Wow, I'd say that's a major pain point for me—reasoning about polymorphic code
with only vague guidelines:

"give me something that looks like a string".

"Well, which types are those?"

"Hell if I know! But it needs these methods, but it can also change its
behavior if it doesn't have them"

"stabs self in neck because this was solved in the 60s"

Seeing a hard-to-skim polymorphic API for anything but a quick script is a
massive problem for me—the time sink in just parsing its behavior isn't worth
the inevitable problems that come with the edge cases at runtime.

That said, requests is great and I use it to do all my web scraping because
it's super idiomatic. I had no idea the interface was that complicated,
though, and it reduces my confidence in the library.

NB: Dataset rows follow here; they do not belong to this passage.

lemma refines_insert_block_eq:
  assumes "partition_on X Q" "C \<noteq> {}" "C \<inter> X = {}"
  shows "{P'. refines (X \<union> C) (insert C Q) P'} =
    insert C ` {P. refines X Q P} \<union> (\<lambda>(P, B). join_block P B C) ` (SIGMA P:{P. refines X Q P}. P)"
proof (intro equalityI subsetI)
  fix P' assume "P' \<in> {P'. refines (X \<union> C) (insert C Q) P'}"
  then have "refines (X \<union> C) (insert C Q) P'"
    by simp
  then show "P' \<in> insert C ` {P. refines X Q P} \<union> (\<lambda>(P, B). join_block P B C) ` (SIGMA P:{P. refines X Q P}. P)"
    by (rule refines_insert_blockE[OF _ assms]) auto
next
  fix P' assume "P' \<in> insert C ` {P. refines X Q P} \<union> (\<lambda>(P, B). join_block P B C) ` (SIGMA P:{P. refines X Q P}. P)"
  then show "P' \<in> {P'. refines (X \<union> C) (insert C Q) P'}"
    using refines_insert_block[OF _ assms(2,3)] refines_join_block[OF _ _ assms(2,3)] by auto
qed

lemma inj_on_join_block:
  assumes "\<And>P. P \<in> R \<Longrightarrow> \<Union>P \<subseteq> X" "C \<noteq> {}" "C \<inter> X = {}"
  shows "inj_on (\<lambda>(P, B). join_block P B C) (SIGMA P:R. P)"
proof (rule inj_onI, clarsimp)
  fix P B P2 B2
  assume P: "P \<in> R" "B \<in> P" and P2: "P2 \<in> R" "B2 \<in> P2"
    and eq: "join_block P B C = join_block P2 B2 C"
  have join_notin: "B' \<union> C \<notin> P'" if "P' \<in> R" for P' B'
    using assms(1)[OF that] assms(2,3) by auto
  have "B \<union> C \<in> join_block P B C"
    unfolding join_block_def by simp
  then have "B \<union> C \<in> join_block P2 B2 C"
    unfolding eq .
  then have "B \<union> C = B2 \<union> C"
    using join_notin[OF P2(1)] unfolding join_block_def by auto
  moreover have "B = (B \<union> C) \<inter> X" "B2 = (B2 \<union> C) \<inter> X"
    using assms(1)[OF P(1)] assms(1)[OF P2(1)] P(2) P2(2) assms(3) by auto
  ultimately have B2: "B2 = B"
    by simp
  have "insert (B \<union> C) (P - {B}) = insert (B \<union> C) (P2 - {B})"
    using eq unfolding join_block_def B2 .
  then have "P - {B} = P2 - {B}"
    using insert_ident[of "B \<union> C" "P - {B}" "P2 - {B}"] join_notin[OF P(1)] join_notin[OF P2(1)]
    by simp
  then show "P = P2 \<and> B = B2"
    using P(2) P2(2) B2 by (metis insert_Diff)
qed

This PEP reminds me of typed racket: pretty awesome, but a completely separate
language to write with separate considerations.

------
dbcurtis
Python isn't about types, it is about protocols. If you are thinking about the
type of something while writing the code, then you are transcoding C++ or Java
into Python. The important thing about a Python instance is not the type, but
the protocols that the instance supplies.

Switching gears and thinking about code validation for a minute, I agree,
protocol conformance checking is a much more difficult problem to resolve at
compile time, at least they way Python duck types support protocol
definitions.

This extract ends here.